Interest rate, fees on small loans capped

Lending and finance companies can no longer subject their customers to exorbitant interest rates for on-demand loans.

The Securities and Exchange Commission (SEC) has issued Circular Memorandum 3, Series of 2022, capping interest rates and other fees charged by lending and finance companies, and their online lending platforms, for loans to low value short term mainly targeting low income borrowers.

In a statement, the SEC said the circular provides the guidelines to implement Bangko Sentral ng Pilipinas (BSP) Circular 1133, 2021 Series on caps on interest rates and other fees charged by these companies.

The SEC circular went into effect on Thursday, March 3.

On December 22, 2021, BSP Governor Benjamin Diokno issued Circular BSP 1133 setting the maximum nominal interest rate at 6% per month, or approximately 0.2% per day, and the effective interest rate (EIR) at 15% per month, or about 0.5% per day.

These are general purpose unsecured loans that do not exceed P10,000 and have a loan term of up to four months.

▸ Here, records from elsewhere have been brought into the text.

definition is_ran :: "('o, 'a, 'c, 'z) two_cat_scheme \<Rightarrow> 'a \<Rightarrow> 'a \<Rightarrow> 'a \<Rightarrow> 'c \<Rightarrow> bool" where
  "is_ran K f x r \<epsilon> \<longleftrightarrow> f \<in> arr K \<and> x \<in> arr K \<and> dom1 K x = dom1 K f \<and>
     r \<in> hom1 K (cod1 K f) (cod1 K x) \<and> \<epsilon> \<in> hom2 K (comp1 K r f) x \<and>
     (\<forall>s \<in> hom1 K (cod1 K f) (cod1 K x). \<forall>\<alpha> \<in> hom2 K (comp1 K s f) x.
        \<exists>!\<beta>. \<beta> \<in> hom2 K s r \<and> vcomp K \<epsilon> (whiskerR K \<beta> f) = \<alpha>)"

definition is_lan :: "('o, 'a, 'c, 'z) two_cat_scheme \<Rightarrow> 'a \<Rightarrow> 'a \<Rightarrow> 'a \<Rightarrow> 'c \<Rightarrow> bool" where
  "is_lan K f x l \<eta> \<longleftrightarrow> f \<in> arr K \<and> x \<in> arr K \<and> dom1 K x = dom1 K f \<and>
     l \<in> hom1 K (cod1 K f) (cod1 K x) \<and> \<eta> \<in> hom2 K x (comp1 K l f) \<and>
     (\<forall>s \<in> hom1 K (cod1 K f) (cod1 K x). \<forall>\<alpha> \<in> hom2 K x (comp1 K s f).
        \<exists>!\<beta>. \<beta> \<in> hom2 K l s \<and> vcomp K (whiskerR K \<beta> f) \<eta> = \<alpha>)"

definition right_Kan_injective :: "('o, 'a, 'c, 'z) two_cat_scheme \<Rightarrow> 'o \<Rightarrow> 'a \<Rightarrow> bool" where
  "right_Kan_injective K X f \<longleftrightarrow>
     (\<forall>x \<in> hom1 K (dom1 K f) X. \<exists>r \<epsilon>. is_ran K f x r \<epsilon> \<and> invertible2 K \<epsilon>)"

definition left_Kan_injective :: "('o, 'a, 'c, 'z) two_cat_scheme \<Rightarrow> 'o \<Rightarrow> 'a \<Rightarrow> bool" where
  "left_Kan_injective K X f \<longleftrightarrow>
     (\<forall>x \<in> hom1 K (dom1 K f) X. \<exists>l \<eta>. is_lan K f x l \<eta> \<and> invertible2 K \<eta>)"

definition preserves_ran :: "('o, 'a, 'c, 'z) two_cat_scheme \<Rightarrow> 'a \<Rightarrow> 'a \<Rightarrow> 'a \<Rightarrow> 'a \<Rightarrow> 'c \<Rightarrow> bool" where
  "preserves_ran K h f x r \<epsilon> \<longleftrightarrow> is_ran K f (comp1 K h x) (comp1 K h r) (whiskerL K h \<epsilon>)"

definition preserves_lan :: "('o, 'a, 'c, 'z) two_cat_scheme \<Rightarrow> 'a \<Rightarrow> 'a \<Rightarrow> 'a \<Rightarrow> 'a \<Rightarrow> 'c \<Rightarrow> bool" where
  "preserves_lan K h f x l \<eta> \<longleftrightarrow> is_lan K f (comp1 K h x) (comp1 K h l) (whiskerL K h \<eta>)"

definition RInj_obj :: "('o, 'a, 'c, 'z) two_cat_scheme \<Rightarrow> 'a set \<Rightarrow> 'o \<Rightarrow> bool" where
  "RInj_obj K H X \<longleftrightarrow> X \<in> obj K \<and> (\<forall>f \<in> H. right_Kan_injective K X f)"

definition LInj_obj :: "('o, 'a, 'c, 'z) two_cat_scheme \<Rightarrow> 'a set \<Rightarrow> 'o \<Rightarrow> bool" where
  "LInj_obj K H X \<longleftrightarrow> X \<in> obj K \<and> (\<forall>f \<in> H. left_Kan_injective K X f)"

definition RInj_arr :: "('o, 'a, 'c, 'z) two_cat_scheme \<Rightarrow> 'a set \<Rightarrow> 'a \<Rightarrow> bool" where
  "RInj_arr K H h \<longleftrightarrow> h \<in> arr K \<and>
     (\<forall>f \<in> H. \<forall>x r \<epsilon>. is_ran K f x r \<epsilon> \<and> cod1 K x = dom1 K h \<longrightarrow> preserves_ran K h f x r \<epsilon>)"

definition LInj_arr :: "('o, 'a, 'c, 'z) two_cat_scheme \<Rightarrow> 'a set \<Rightarrow> 'a \<Rightarrow> bool" where
  "LInj_arr K H h \<longleftrightarrow> h \<in> arr K \<and>
     (\<forall>f \<in> H. \<forall>x l \<eta>. is_lan K f x l \<eta> \<and> cod1 K x = dom1 K h \<longrightarrow> preserves_lan K h f x l \<eta>)"

end

theory Submission
  imports Defs
begin

text \<open>Let \<open>f \<in> H\<close>, let \<open>(r, \<epsilon>)\<close> be a right Kan extension of \<open>x : A \<rightarrow> X\<close> along \<open>f\<close>
  and \<open>g : X \<rightarrow> Y\<close>. Right Kan extensions are unique up to isomorphism, so since \<open>X\<close> is
  right Kan injective \<open>\<epsilon>\<close> is invertible. Since \<open>Y\<close> is right Kan injective, \<open>g x\<close> has a
  right Kan extension \<open>(s, \<delta>)\<close> with \<open>\<delta>\<close> invertible, and \<open>g \<epsilon> = \<delta> \<cdot> \<beta> f\<close> for a unique
  \<open>\<beta> : g r \<Rightarrow> s\<close>. Then \<open>\<beta> f\<close> is invertible, hence so is \<open>\<beta>\<close> because \<open>f\<close> is a
  corepresentable surjection, and transporting \<open>(s, \<delta>)\<close> along \<open>\<beta>\<close> shows that
  \<open>(g r, g \<epsilon>)\<close> is a right Kan extension. The left case is the right case in \<open>K\<^sup>c\<^sup>o\<close>.\<close>

context two_category
begin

The EIR includes the nominal interest rate and other fees, such as processing fees, service fees, notary fees and others, but excludes late fees and non-payment fees.

In the event of late payment or non-payment of amounts owed, loan and finance companies cannot charge more than 5% per month, the SEC said.

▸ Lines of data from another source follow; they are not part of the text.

(* Let $n\ge 4$ and let $L$ be an $n$-bow, i.e. a generic length vector satisfying the strict triangle inequality such that $\{n,i\}$ is long for every $i=1,\dots,n-1$. Then any two vertices of $\Gamma(L)$ are connected by a path in $\Gamma(L)$ of length at most $3$.
   Context: Let $n\ge 4$ and $L=(l_1,\dots,l_n)$ be positive reals with $l_i<\sum_{j\ne i}l_j$ for every $i$ (strict triangle inequality), and generic: there is no $J\subseteq[n]$ with $\sum_{i\in J}l_i=\sum_{i\notin J}l_i$. Here $[n]=\{1,\dots,n\}$ and $|L|=\sum_{i=1}^n l_i$. A set $I\subseteq[n]$ is short if $\sum_{i\in I}l_i<|L|/2$ and long otherwise. A cyclically ordered partition of $[n]$ into $k$ parts is a sequence $(A_1,\dots,A_k)$ of pairwise disjoint nonempty sets with union $[n]$, considered up to cyclic shifts $(A_1,\dots,A_k)\sim(A_2,\dots,A_k,A_1)$; there is no ordering inside a part. It is admissible if every part is short. The graph $\Gamma(L)$ has as vertices the admissible cyclically ordered partitions of $[n]$ into 3 parts, written $(I,J,K)$, and as edges the admissible cyclically ordered partitions into 4 parts $(A,B,C,D)$; such an edge is incident to each of the partitions $(A\cup B,C,D)$, $(A,B\cup C,D)$, $(A,B,C\cup D)$, $(D\cup A,B,C)$ that is admissible. Equivalently, two vertices are adjacent iff one is obtained from the other by moving a nonempty proper subset of one part into another part. The length of a path is its number of edges. *)

theory Defs
  imports Complex_Main
begin

text \<open>Length vectors are functions L :: nat => real, relevant on the index set {1..n}.\<close>

definition total_len :: "nat \<Rightarrow> (nat \<Rightarrow> real) \<Rightarrow> real" where
  "total_len n L = (\<Sum>i\<in>{1..n}. L i)"

definition short :: "nat \<Rightarrow> (nat \<Rightarrow> real) \<Rightarrow> nat set \<Rightarrow> bool" where
  "short n L I \<longleftrightarrow> (\<Sum>i\<in>I. L i) < total_len n L / 2"

definition long :: "nat \<Rightarrow> (nat \<Rightarrow> real) \<Rightarrow> nat set \<Rightarrow> bool" where
  "long n L I \<longleftrightarrow> \<not> short n L I"

definition length_vector :: "nat \<Rightarrow> (nat \<Rightarrow> real) \<Rightarrow> bool" where
  "length_vector n L \<longleftrightarrow>
     (\<forall>i\<in>{1..n}. 0 < L i) \<and>
     (\<forall>i\<in>{1..n}. L i < (\<Sum>j\<in>{1..n} - {i}. L j))"

definition generic :: "nat \<Rightarrow> (nat \<Rightarrow> real) \<Rightarrow> bool" where
  "generic n L \<longleftrightarrow>
     (\<forall>J. J \<subseteq> {1..n} \<longrightarrow> (\<Sum>i\<in>J. L i) \<noteq> (\<Sum>i\<in>{1..n} - J. L i))"

definition is_bow :: "nat \<Rightarrow> (nat \<Rightarrow> real) \<Rightarrow> bool" where
  "is_bow n L \<longleftrightarrow> length_vector n L \<and> generic n L \<and>
     (\<forall>i\<in>{1..n-1}. long n L {n, i})"

text \<open>Cyclically ordered partitions into 3 parts, represented by a triple
  (one representative of the cyclic class).\<close>

definition adm3 :: "nat \<Rightarrow> (nat \<Rightarrow> real) \<Rightarrow> nat set \<times> nat set \<times> nat set \<Rightarrow> bool" where
  "adm3 n L v = (case v of (I, J, K) \<Rightarrow>
      I \<noteq> {} \<and> J \<noteq> {} \<and> K \<noteq> {} \<and>
      I \<inter> J = {} \<and> I \<inter> K = {} \<and> J \<inter> K = {} \<and>
      I \<union> J \<union> K = {1..n} \<and>
      short n L I \<and> short n L J \<and> short n L K)"

definition adm4 :: "nat \<Rightarrow> (nat \<Rightarrow> real) \<Rightarrow> nat set \<Rightarrow> nat set \<Rightarrow> nat set \<Rightarrow> nat set \<Rightarrow> bool" where
  "adm4 n L A B C D \<longleftrightarrow>
      A \<noteq> {} \<and> B \<noteq> {} \<and> C \<noteq> {} \<and> D \<noteq> {} \<and>
      A \<inter> B = {} \<and> A \<inter> C = {} \<and> A \<inter> D = {} \<and>
      B \<inter> C = {} \<and> B \<inter> D = {} \<and> C \<inter> D = {} \<and>
      A \<union> B \<union> C \<union> D = {1..n} \<and>
      short n L A \<and> short n L B \<and> short n L C \<and> short n L D"

definition cyc_eq :: "nat set \<times> nat set \<times> nat set \<Rightarrow> nat set \<times> nat set \<times> nat set \<Rightarrow> bool" where
  "cyc_eq v w = (case w of (I, J, K) \<Rightarrow> v = (I, J, K) \<or> v = (J, K, I) \<or> v = (K, I, J))"

text \<open>The vertex v is incident to the edge (A,B,C,D): it is (up to cyclic shift)
  one of the four merges of cyclically adjacent parts.\<close>
definition incident :: "nat set \<times> nat set \<times> nat set \<Rightarrow> nat set \<Rightarrow> nat set \<Rightarrow> nat set \<Rightarrow> nat set \<Rightarrow> bool" where
  "incident v A B C D \<longleftrightarrow>
     cyc_eq v (A \<union> B, C, D) \<or> cyc_eq v (A, B \<union> C, D) \<or>
     cyc_eq v (A, B, C \<union> D) \<or> cyc_eq v (D \<union> A, B, C)"

definition gamma_adj :: "nat \<Rightarrow> (nat \<Rightarrow> real) \<Rightarrow> nat set \<times> nat set \<times> nat set \<Rightarrow> nat set \<times> nat set \<times> nat set \<Rightarrow> bool" where
  "gamma_adj n L v w \<longleftrightarrow> adm3 n L v \<and> adm3 n L w \<and> \<not> cyc_eq v w \<and>
     (\<exists>A B C D. adm4 n L A B C D \<and> incident v A B C D \<and> incident w A B C D)"

definition gamma_path_le :: "nat \<Rightarrow> (nat \<Rightarrow> real) \<Rightarrow> nat \<Rightarrow> nat set \<times> nat set \<times> nat set \<Rightarrow> nat set \<times> nat set \<times> nat set \<Rightarrow> bool" where
  "gamma_path_le n L k v w \<longleftrightarrow>
     (\<exists>ps. ps \<noteq> [] \<and> hd ps = v \<and> last ps = w \<and> length ps \<le> k + 1 \<and>
        (\<forall>p\<in>set ps. adm3 n L p) \<and>
        (\<forall>i. i + 1 < length ps \<longrightarrow> gamma_adj n L (ps ! i) (ps ! (i + 1))))"

end

theory Submission
  imports Defs
begin

text \<open>Since every pair \<open>{n, i}\<close> is long, \<open>n\<close> forms a part of its own in every admissible
  partition, while every proper subset of \<open>M = {1..n-1}\<close> is short (its complement contains \<open>n\<close>
  and some \<open>i\<close>). Hence the vertices of \<open>\<Gamma>(L)\<close> are exactly the cyclic classes of
  \<open>({n}, J, M - J)\<close> with \<open>{} \<noteq> J \<subset> M\<close>, and for \<open>J \<subset> K\<close> the 4-partition \<open>({n}, J, K - J, M - K)\<close>
  joins the classes of \<open>J\<close> and \<open>K\<close>. So \<open>\<Gamma>(L)\<close> contains the strict comparability graph of the
  nonempty proper subsets of \<open>M\<close>, and that graph has diameter at most 3 once \<open>|M| \<ge> 3\<close>.\<close>

definition nontrivial_subset :: "'a set \<Rightarrow> 'a set \<Rightarrow> bool" where
  "nontrivial_subset M J \<longleftrightarrow> J \<noteq> {} \<and> J \<subset> M"

definition strict_comparable :: "'a set \<Rightarrow> 'a set \<Rightarrow> bool" where
  "strict_comparable J K \<longleftrightarrow> J \<subset> K \<or> K \<subset> J"

lemma strict_comparable_sym: "strict_comparable J K \<Longrightarrow> strict_comparable K J"
  unfolding strict_comparable_def by blast

lemma card_ge_3_obtain:
  assumes "3 \<le> card M" "x \<in> M"
  obtains y z where "y \<in> M" "z \<in> M" "x \<noteq> y" "x \<noteq> z" "y \<noteq> z"
proof -
  have "\<not> M \<subseteq> {x, y}" for y
    using card_mono[of "{x, y}" M] card_insert_le_m1[of 2 "{y}" x] assms(1) by fastforce
  then obtain y where "y \<in> M" "y \<noteq> x" by blast
  moreover obtain z where "z \<in> M" "z \<notin> {x, y}" using \<open>\<not> M \<subseteq> {x, y}\<close> by blast
  ultimately show thesis using that by blast
qed

lemma nontrivial_subset_strict_comparable_exists:
  assumes "3 \<le> card M" "nontrivial_subset M J"
  obtains K where "nontrivial_subset M K" "strict_comparable J K"
proof (cases "\<exists>x. J = {x}")
  case True
  then obtain x where x: "J = {x}" by blast
  with assms(2) have "x \<in> M" unfolding nontrivial_subset_def by blast
  then obtain y z where "y \<in> M" "z \<in> M" "x \<noteq> y" "x \<noteq> z" "y \<noteq> z"
    using card_ge_3_obtain[OF assms(1)] by blast
  then have "nontrivial_subset M {x, y}" "strict_comparable J {x, y}"
    unfolding nontrivial_subset_def strict_comparable_def x using \<open>x \<in> M\<close> by blast+
  then show thesis using that by blast
next
  case False
  with assms(2) obtain x where "x \<in> J" "J \<noteq> {x}" unfolding nontrivial_subset_def by blast
  then have "nontrivial_subset M {x}" "strict_comparable J {x}"
    using assms(2) unfolding nontrivial_subset_def strict_comparable_def by blast+
  then show thesis using that by blast
qed

lemma nontrivial_subset_partition:
  assumes "{a} \<union> J \<union> K = U" "a \<notin> J" "a \<notin> K" "J \<inter> K = {}" "J \<noteq> {}" "K \<noteq> {}"
  shows "nontrivial_subset (U - {a}) J" "K = U - {a} - J"
  using assms unfolding nontrivial_subset_def by blast+

text \<open>The hard case of the walk: \<open>J2\<close> is the complement of \<open>J1\<close>. Removing a point
  \<open>y\<close> of \<open>J2\<close> from \<open>M\<close> gives a set above \<open>J1\<close>, which lies above any other point \<open>y'\<close> of \<open>J2\<close>.\<close>

lemma complementary_walk:
  assumes "J1 \<noteq> {}" "J1 \<inter> J2 = {}" "J1 \<union> J2 = M" "y \<in> J2" "y' \<in> J2" "y \<noteq> y'"
  shows "nontrivial_subset M (M - {y})" "nontrivial_subset M {y'}"
    "strict_comparable J1 (M - {y})" "strict_comparable (M - {y}) {y'}"
    "strict_comparable {y'} J2"
proof -
  obtain x where "x \<in> J1" using assms(1) by blast
  then have "x \<in> M - {y}" "x \<noteq> y'" "y \<in> M" "y' \<in> M" "y \<notin> J1" "y' \<notin> J1"
    using assms(2-6) by blast+
  then show "nontrivial_subset M (M - {y})" "nontrivial_subset M {y'}"
    "strict_comparable J1 (M - {y})" "strict_comparable (M - {y}) {y'}"
    "strict_comparable {y'} J2"
    using assms unfolding nontrivial_subset_def strict_comparable_def by auto
qed

lemma nontrivial_subsets_walk:
  assumes "3 \<le> card M" "nontrivial_subset M J1" "nontrivial_subset M J2"
  obtains K1 K2 where "nontrivial_subset M K1" "nontrivial_subset M K2"
    "strict_comparable J1 K1" "strict_comparable K1 K2" "K2 = J2 \<or> strict_comparable K2 J2"
proof -
  have J: "J1 \<noteq> {}" "J1 \<subset> M" "J2 \<noteq> {}" "J2 \<subset> M"
    using assms(2,3) unfolding nontrivial_subset_def by blast+
  consider "J1 = J2" | "strict_comparable J1 J2" | "\<not> J1 \<subseteq> J2" "\<not> J2 \<subseteq> J1" "J1 \<inter> J2 \<noteq> {}"
    | "J1 \<inter> J2 = {}" "J1 \<union> J2 \<noteq> M" | "J1 \<inter> J2 = {}" "J1 \<union> J2 = M"
    unfolding strict_comparable_def by blast
  then show thesis
  proof cases
    case 1
    obtain K where K: "nontrivial_subset M K" "strict_comparable J1 K"
      using nontrivial_subset_strict_comparable_exists[OF assms(1,2)] .
    show thesis using that[OF K(1) assms(2) K(2) strict_comparable_sym[OF K(2)]] 1 by simp
  next
    case 2
    then show thesis using that[OF assms(3,2) 2 strict_comparable_sym[OF 2]] by simp
  next
    case 3
    then have "nontrivial_subset M (J1 \<inter> J2)" "strict_comparable J1 (J1 \<inter> J2)"
      "strict_comparable (J1 \<inter> J2) J2"
      using J unfolding nontrivial_subset_def strict_comparable_def by blast+
    then show thesis using that[OF _ assms(3)] by simp
  next
    case 4
    then have "nontrivial_subset M (J1 \<union> J2)" "strict_comparable J1 (J1 \<union> J2)"
      "strict_comparable (J1 \<union> J2) J2"
      using J unfolding nontrivial_subset_def strict_comparable_def by blast+
    then show thesis using that[OF _ assms(3)] by simp
  next
    case 5
    obtain x where "x \<in> J1" using J by blast
    then obtain y z where "y \<in> M" "z \<in> M" "x \<noteq> y" "x \<noteq> z" "y \<noteq> z"
      using card_ge_3_obtain[OF assms(1)] J by blast
    then consider "y \<in> J2" "z \<in> J2" | "x \<in> J1" "y \<in> J1" | "x \<in> J1" "z \<in> J1"
      using 5 \<open>x \<in> J1\<close> by blast
    then obtain a b where "a \<noteq> b" "a \<in> J2 \<and> b \<in> J2 \<or> a \<in> J1 \<and> b \<in> J1"
      using \<open>x \<noteq> y\<close> \<open>x \<noteq> z\<close> \<open>y \<noteq> z\<close> by metis
    then show thesis
    proof (elim disjE conjE)
      assume "a \<in> J2" "b \<in> J2"
      note walk = complementary_walk[OF J(1) 5 this \<open>a \<noteq> b\<close>]
      show thesis using that[OF walk(1,2,3,4)] walk(5) by simp
    next
      assume "a \<in> J1" "b \<in> J1"
      have "J2 \<inter> J1 = {}" "J2 \<union> J1 = M" using 5 by blast+
      note walk = complementary_walk[OF J(3) this \<open>a \<in> J1\<close> \<open>b \<in> J1\<close> \<open>a \<noteq> b\<close>]
      show thesis using that[OF walk(2,1) strict_comparable_sym[OF walk(5)]
          strict_comparable_sym[OF walk(4)]] strict_comparable_sym[OF walk(3)] by simp
    qed
  qed
qed

lemma cyc_eq_refl: "cyc_eq v v"
  unfolding cyc_eq_def by (cases v) auto

lemma cyc_eq_sym: "cyc_eq v u \<Longrightarrow> cyc_eq u v"
  unfolding cyc_eq_def by (cases v; cases u) auto

lemma cyc_eq_trans: "cyc_eq v u \<Longrightarrow> cyc_eq u x \<Longrightarrow> cyc_eq v x"
  unfolding cyc_eq_def by (cases v; cases u; cases x) auto

lemma gamma_adj_sym:
  assumes "gamma_adj n L v w"
  shows "gamma_adj n L w v"
proof -
  obtain A B C D where "adm4 n L A B C D" "incident v A B C D" "incident w A B C D"
    using assms unfolding gamma_adj_def by blast
  moreover have "\<not> cyc_eq w v" using assms cyc_eq_sym unfolding gamma_adj_def by blast
  ultimately show ?thesis using assms unfolding gamma_adj_def by blast
qed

To prevent the cost of the loan from spiraling out of control, the SEC said: “A total cost cap of 100% of the total amount borrowed, applying to all interest, other fees and charges and penalties, regardless of the duration of the loan. been pending, will also be imposed.

The cap on interest rates and fees only applies to covered loans offered from March 3.

Fines up to 1 million pesos

Loan companies that violate rate limits face fines of 25,000 pesos for the first offense and 50,000 pesos for the second offense, while finance companies will be hit with higher penalties of 50,000 pesos for the first offense and 100,000 pesos for the second. violation, the SEC said.

For the third offence, the penalty is 100,000 to 1 million pesos for loan companies and 200,000 to 1 million pesos for finance companies; 60-day suspension from their financing and lending activities, or the revocation of their certificates of authorization to operate as a financing/lending company.